* [Exercise directions] Throughout the listing below, show every line in which "assumes" occurs.

* [Supplied entries]
lemma bailey_lemma:
  assumes pair: "bailey_pair q \<alpha> \<beta>" and "\<alpha> 0 = 0"
  shows "bailey_pair q (\<lambda>j. q ^ nat (j\<^sup>2 - 1) * \<alpha> j) (kernel_transform (bailey_kernel q) \<beta>)"
  unfolding bailey_pair_def
proof
  fix n
  define J where "J = {-(int n + 1)..int n + 1}"
  define f where "f k j = qfact_inv q (int k + 1 - j) * qfact_inv q (int k + 1 + j)" for k j
  have \<beta>: "\<beta> k = (\<Sum>j\<in>J. \<alpha> j * f k j)" if "k \<le> n" for k
  proof -
    have "\<beta> k = (\<Sum>j = -(int k + 1)..int k + 1. \<alpha> j * f k j)"
      using pair unfolding bailey_pair_def f_def by (simp add: mult.assoc)
    also have "\<dots> = (\<Sum>j\<in>J. \<alpha> j * f k j)"
      using that by (intro sum.mono_neutral_left) (auto simp: J_def f_def qfact_inv_neg)
    finally show ?thesis .
  qed
  have "kernel_transform (bailey_kernel q) \<beta> n
      = (\<Sum>j\<in>J. \<alpha> j * (\<Sum>k\<le>n. bailey_kernel q n k * f k j))"
    unfolding kernel_transform_def
    by (simp add: \<beta> sum_distrib_left ac_simps sum.swap[of _ J])
  also have "\<dots> = (\<Sum>j\<in>J. \<alpha> j * (q ^ nat (j\<^sup>2 - 1) * f n j))"
  proof (rule sum.cong[OF refl])
    fix j
    show "\<alpha> j * (\<Sum>k\<le>n. bailey_kernel q n k * f k j) = \<alpha> j * (q ^ nat (j\<^sup>2 - 1) * f n j)"
      using \<open>\<alpha> 0 = 0\<close> bailey_kernel_sum[of j n] unfolding f_def by (cases "j = 0") simp_all
  qed
  finally show "kernel_transform (bailey_kernel q) \<beta> n = (\<Sum>j = -(int n + 1)..int n + 1.
      q ^ nat (j\<^sup>2 - 1) * \<alpha> j * qfact_inv q (int n + 1 - j) * qfact_inv q (int n + 1 + j))"
    by (simp add: J_def f_def ac_simps)
qed

lemma bailey_chain:
  assumes "bailey_pair q \<alpha> \<beta>" and "\<alpha> 0 = 0"
  shows "bailey_pair q (\<lambda>j. q ^ (k * nat (j\<^sup>2 - 1)) * \<alpha> j) ((kernel_transform (bailey_kernel q) ^^ k) \<beta>)"
proof (induction k)
  case 0
  then show ?case
    using assms(1) by simp
next
  case (Suc k)
  then show ?case
    using bailey_lemma[OF Suc] assms(2) by (simp add: power_add mult.assoc)
qed

end

section \<open>The seed Bailey pair\<close>

definition alpha_exp :: "int \<Rightarrow> int" where
  "alpha_exp j = (j - 1) * (j - 2) div 2"

definition cube_weight :: "complex \<Rightarrow> int \<Rightarrow> complex" where
  "cube_weight z j = z ^ nat (j mod 3)"

definition theta_term :: "complex \<Rightarrow> complex \<Rightarrow> int \<Rightarrow> complex" where
  "theta_term q z j = q powi alpha_exp j * cube_weight z j"

definition theta_sum :: "complex \<Rightarrow> complex \<Rightarrow> nat \<Rightarrow> complex" where
  "theta_sum q z M = (\<Sum>j = -int M..int M. theta_term q z j * (qfact_inv q (int M - j) * qfact_inv q (int M + j)))"

lemma alpha_exp_nonneg: "0 \<le> alpha_exp j"
proof -
  have "0 \<le> (j - 1) * (j - 2)"
    by (cases "j \<le> 1") (auto simp: zero_le_mult_iff)
  then show ?thesis
    by (simp add: alpha_exp_def)
qed

lemma alpha_exp_eq_0_iff: "alpha_exp j = 0 \<longleftrightarrow> j = 1 \<or> j = 2"
proof
  assume "alpha_exp j = 0"
  then have "(j - 1) * (j - 2) < 2"
    by (simp add: alpha_exp_def)
  moreover have "2 \<le> (j - 1) * (j - 2)" if "j \<le> 0 \<or> 3 \<le> j"
  proof -
    have "1 * 2 \<le> (1 - j) * (2 - j)" if "j \<le> 0"
      using that by (intro mult_mono) auto
    moreover have "2 * 1 \<le> (j - 1) * (j - 2)" if "3 \<le> j"
      using that by (intro mult_mono) auto
    ultimately show ?thesis
      using that by (auto simp: algebra_simps)
  qed
  ultimately show "j = 1 \<or> j = 2"
    by force
qed (auto simp: alpha_exp_def)

lemma alpha_exp_Suc: "alpha_exp (j + 1) = alpha_exp j + (j - 1)"
proof -
  have "(j + 1 - 1) * (j + 1 - 2) = (j - 1) * (j - 2) + 2 * (j - 1)"
    by (simp add: algebra_simps)
  then show ?thesis
    by (simp add: alpha_exp_def)
qed

lemma cube_weight_Suc: "z ^ 3 = 1 \<Longrightarrow> cube_weight z (j + 1) = z * cube_weight z j"
proof -
  assume z: "z ^ 3 = 1"
  have "j mod 3 = 0 \<or> j mod 3 = 1 \<or> j mod 3 = 2"
    by arith
  moreover have "(j + 1) mod 3 = (if j mod 3 = 2 then 0 else j mod 3 + 1)"
    by presburger
  ultimately show ?thesis
    using z by (auto simp: cube_weight_def numeral_3_eq_3 nat_add_distrib power2_eq_square)
qed

lemma power3_eq_one_if_root: "z\<^sup>2 + z + 1 = 0 \<Longrightarrow> z ^ 3 = (1 :: 'a :: comm_ring_1)"
proof -
  assume "z\<^sup>2 + z + 1 = 0"
  moreover have "z ^ 3 - 1 = (z - 1) * (z\<^sup>2 + z + 1)"
    by (simp add: algebra_simps power2_eq_square power3_eq_cube)
  ultimately show ?thesis
    by simp
qed

lemma primitive_cube_root_factor:
  fixes z x :: "'a :: comm_ring_1"
  assumes z: "z\<^sup>2 + z + 1 = 0"
  shows "(1 + z\<^sup>2 * x) * (1 + z * x) = 1 - x + x\<^sup>2"
proof -
  have "(1 + z\<^sup>2 * x) * (1 + z * x) - (1 - x + x\<^sup>2) = (z\<^sup>2 + z + 1) * (x + x\<^sup>2 * (z - 1))"
    using power3_eq_one_if_root[OF z] by (simp add: algebra_simps power2_eq_square power3_eq_cube)
  then show ?thesis
    unfolding z by simp
qed

lemma Legendre_mod_3: "Legendre j 3 = (if j mod 3 = 1 then 1 else if j mod 3 = 2 then -1 else 0)"
proof -
  have "[Legendre j 3 = j] (mod 3)"
    using euler_criterion[of 3 j] by simp
  moreover have "Legendre j 3 \<in> {-1, 0, 1}"
    by (simp add: Legendre_def)
  ultimately show ?thesis
    by (auto simp: cong_def)
qed

lemma sum_int_shift: "(\<Sum>j = a..b. g j) = (\<Sum>i = a - d..b - d. g (i + d))" for a b d :: int
  by (rule sum.reindex_bij_witness[where i = "\<lambda>i. i + d" and j = "\<lambda>j. j - d"]) auto

lemma sum_qfact_inv_window:
  assumes "a \<le> -int M" "int M \<le> b"
  shows "(\<Sum>j = a..b. g j * (qfact_inv q (int M - j) * qfact_inv q (int M + j)))
       = (\<Sum>j = -int M..int M. g j * (qfact_inv q (int M - j) * qfact_inv q (int M + j)))"
  using assms by (intro sum.mono_neutral_right) (auto simp: qfact_inv_neg)

context
  fixes q :: complex
  assumes q: "norm q < 1" and q0: "q \<noteq> 0"
begin

lemma qfact_inv_three_term:
  "(1 - q powi (a + b + 1)) * (1 - q powi (a + b + 2)) * qfact_inv q (a + 1) * qfact_inv q (b + 1)
   = q powi (a + 1) * qfact_inv q (a + 1) * qfact_inv q (b - 1)
     + (1 + q powi (a + b + 1)) * qfact_inv q a * qfact_inv q b
     + q powi (b + 1) * qfact_inv q (a - 1) * qfact_inv q (b + 1)"
proof (cases "a \<le> -2 \<or> b \<le> -2")
  case True
  then show ?thesis
    by (auto simp: qfact_inv_neg)
next
  case False
  have down: "qfact_inv q (x - 1) = qfact_inv q (x + 1) * (1 - q powi (x + 1)) * (1 - q powi x)"
    "qfact_inv q x = qfact_inv q (x + 1) * (1 - q powi (x + 1))" for x
    using qfact_inv_mult_one_minus_power[OF q, of x] qfact_inv_mult_one_minus_power[OF q, of "x + 1"]
    by simp_all
  have "q powi (a + 1) = q powi a * q" "q powi (b + 1) = q powi b * q"
    "q powi (a + b + 1) = q powi a * q powi b * q" "q powi (a + b + 2) = q powi a * q powi b * q\<^sup>2"
    using q0 by (simp_all add: power_int_add)
  then show ?thesis
    unfolding down[of a] down[of b] by (simp add: algebra_simps power2_eq_square)
qed

lemma theta_term_Suc:
  assumes "z ^ 3 = 1"
  shows "theta_term q z (j + 1) = z * q powi (j - 1) * theta_term q z j"
  unfolding theta_term_def alpha_exp_Suc cube_weight_Suc[OF assms] using q0 by (simp add: power_int_add ac_simps)

lemma theta_term_pred: "z ^ 3 = 1 \<Longrightarrow> theta_term q z (j - 1) = z\<^sup>2 * q powi (2 - j) * theta_term q z j"
proof -
  assume z: "z ^ 3 = 1"
  have "z\<^sup>2 * q powi (2 - j) * theta_term q z j = z ^ 3 * (q powi (2 - j) * q powi (j - 2)) * theta_term q z (j - 1)"
    using theta_term_Suc[OF z, of "j - 1"] by (simp add: power2_eq_square power3_eq_cube ac_simps)
  then show ?thesis
    using z q0 by (simp flip: power_int_add)
qed

lemma theta_sum_shift_down:
  assumes z: "z ^ 3 = 1"
  shows "(\<Sum>j = -int (Suc M)..int (Suc M). theta_term q z j * q powi (int M - j + 1)
            * (qfact_inv q (int M - (j - 1)) * qfact_inv q (int M + (j - 1))))
       = z * q powi (int M - 1) * theta_sum q z M"
proof -
  have "(\<Sum>j = -int (Suc M)..int (Suc M). theta_term q z j * q powi (int M - j + 1)
            * (qfact_inv q (int M - (j - 1)) * qfact_inv q (int M + (j - 1))))
      = (\<Sum>i = -int (Suc M) - 1..int (Suc M) - 1. theta_term q z (i + 1) * q powi (int M - i)
            * (qfact_inv q (int M - i) * qfact_inv q (int M + i)))"
    by (subst sum_int_shift[where d = 1]) simp
  also have "\<dots> = (\<Sum>i = -int (Suc M) - 1..int (Suc M) - 1. z * q powi (int M - 1) * theta_term q z i
            * (qfact_inv q (int M - i) * qfact_inv q (int M + i)))"
  proof (intro sum.cong refl)
    fix i
    have "theta_term q z (i + 1) * q powi (int M - i) = z * (q powi (i - 1) * q powi (int M - i)) * theta_term q z i"
      unfolding theta_term_Suc[OF z] by (simp add: ac_simps)
    then show "theta_term q z (i + 1) * q powi (int M - i) * (qfact_inv q (int M - i) * qfact_inv q (int M + i))
        = z * q powi (int M - 1) * theta_term q z i * (qfact_inv q (int M - i) * qfact_inv q (int M + i))"
      using q0 by (simp flip: power_int_add)
  qed
  also have "\<dots> = (\<Sum>i = -int M..int M. z * q powi (int M - 1) * theta_term q z i
            * (qfact_inv q (int M - i) * qfact_inv q (int M + i)))"
    by (rule sum_qfact_inv_window) simp_all
  finally show ?thesis
    by (simp add: theta_sum_def sum_distrib_left mult.assoc)
qed

lemma theta_sum_shift_up:
  assumes z: "z ^ 3 = 1"
  shows "(\<Sum>j = -int (Suc M)..int (Suc M). theta_term q z j * q powi (int M + j + 1)
            * (qfact_inv q (int M - (j + 1)) * qfact_inv q (int M + (j + 1))))
       = z\<^sup>2 * q ^ (M + 2) * theta_sum q z M"
proof -
  have "(\<Sum>j = -int (Suc M)..int (Suc M). theta_term q z j * q powi (int M + j + 1)
            * (qfact_inv q (int M - (j + 1)) * qfact_inv q (int M + (j + 1))))
      = (\<Sum>i = -int (Suc M) + 1..int (Suc M) + 1. theta_term q z (i - 1) * q powi (int M + i)
            * (qfact_inv q (int M - i) * qfact_inv q (int M + i)))"
    by (subst sum_int_shift[where d = "-1"]) simp
  also have "\<dots> = (\<Sum>i = -int (Suc M) + 1..int (Suc M) + 1. z\<^sup>2 * q powi (int M + 2) * theta_term q z i
            * (qfact_inv q (int M - i) * qfact_inv q (int M + i)))"
  proof (intro sum.cong refl)
    fix i
    have "theta_term q z (i - 1) * q powi (int M + i) = z\<^sup>2 * (q powi (2 - i) * q powi (int M + i)) * theta_term q z i"
      unfolding theta_term_pred[OF z] by (simp add: ac_simps)
    then show "theta_term q z (i - 1) * q powi (int M + i) * (qfact_inv q (int M - i) * qfact_inv q (int M + i))
        = z\<^sup>2 * q powi (int M + 2) * theta_term q z i * (qfact_inv q (int M - i) * qfact_inv q (int M + i))"
      using q0 by (simp add: add.commute flip: power_int_add)
  qed
  also have "\<dots> = (\<Sum>i = -int M..int M. z\<^sup>2 * q powi (int M + 2) * theta_term q z i
            * (qfact_inv q (int M - i) * qfact_inv q (int M + i)))"
    by (rule sum_qfact_inv_window) simp_all
  also have "q powi (int M + 2) = q ^ (M + 2)"
    by (metis of_nat_add of_nat_numeral power_int_of_nat)
  finally show ?thesis
    by (simp add: theta_sum_def sum_distrib_left mult.assoc)
qed

lemma theta_sum_recurrence:
  assumes z: "z ^ 3 = 1"
  shows "(1 - q ^ (2*M + 1)) * (1 - q ^ (2*M + 2)) * theta_sum q z (Suc M)
       = theta_sum q z M * (1 + z * q powi (int M - 1)) * (1 + z\<^sup>2 * q ^ (M + 2))"
proof -
  define f where "f j = qfact_inv q (int M - j) * qfact_inv q (int M + j)" for j
  define Q where "Q = q powi (2 * int M + 1)"
  have "Q = q ^ (2*M + 1)" and Q2: "q powi (2 * int M + 2) = q ^ (2*M + 2)"
    using power_int_of_nat[of q "2*M + 1"] power_int_of_nat[of q "2*M + 2"]
    by (simp_all add: Q_def add.commute)
  have three_term: "(1 - Q) * (1 - q powi (2 * int M + 2))
        * (theta_term q z j * (qfact_inv q (int (Suc M) - j) * qfact_inv q (int (Suc M) + j)))
      = theta_term q z j * q powi (int M - j + 1) * f (j - 1) + (1 + Q) * (theta_term q z j * f j)
        + theta_term q z j * q powi (int M + j + 1) * f (j + 1)" for j
    using arg_cong[OF qfact_inv_three_term[of "int M - j" "int M + j"], of "(*) (theta_term q z j)"]
    by (simp add: Q_def f_def algebra_simps)
  have middle: "(\<Sum>j = -int (Suc M)..int (Suc M). (1 + Q) * (theta_term q z j * f j)) = (1 + Q) * theta_sum q z M"
    unfolding f_def sum_distrib_left[symmetric] theta_sum_def by (rule arg_cong[OF sum_qfact_inv_window]) simp_all
  have "(1 - Q) * (1 - q powi (2 * int M + 2)) * theta_sum q z (Suc M)
      = z * q powi (int M - 1) * theta_sum q z M + (1 + Q) * theta_sum q z M + z\<^sup>2 * q ^ (M + 2) * theta_sum q z M"
    unfolding theta_sum_def[of q z "Suc M"] sum_distrib_left three_term sum.distrib middle
    unfolding f_def theta_sum_shift_down[OF z] theta_sum_shift_up[OF z] ..
  also have "\<dots> = theta_sum q z M * (1 + z * q powi (int M - 1)) * (1 + z\<^sup>2 * q ^ (M + 2))"
  proof -
    have "q ^ (M + 2) = q powi (int M + 2)"
      by (metis of_nat_add of_nat_numeral power_int_of_nat)
    then have "z ^ 3 * (q powi (int M - 1) * q ^ (M + 2)) = Q"
      using z q0 by (simp add: Q_def flip: power_int_add)
    then show ?thesis
      by (simp add: algebra_simps power2_eq_square power3_eq_cube)
  qed
  finally show ?thesis
    unfolding \<open>Q = q ^ (2*M + 1)\<close> Q2 .
qed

* [Final answer]
  assumes pair: "bailey_pair q \<alpha> \<beta>" and "\<alpha> 0 = 0"
  assumes "bailey_pair q \<alpha> \<beta>" and "\<alpha> 0 = 0"
  assumes z: "z\<^sup>2 + z + 1 = 0"
  assumes "a \<le> -int M" "int M \<le> b"
  assumes q: "norm q < 1" and q0: "q \<noteq> 0"
  assumes "z ^ 3 = 1"
  assumes z: "z ^ 3 = 1"
  assumes z: "z ^ 3 = 1"
  assumes z: "z ^ 3 = 1"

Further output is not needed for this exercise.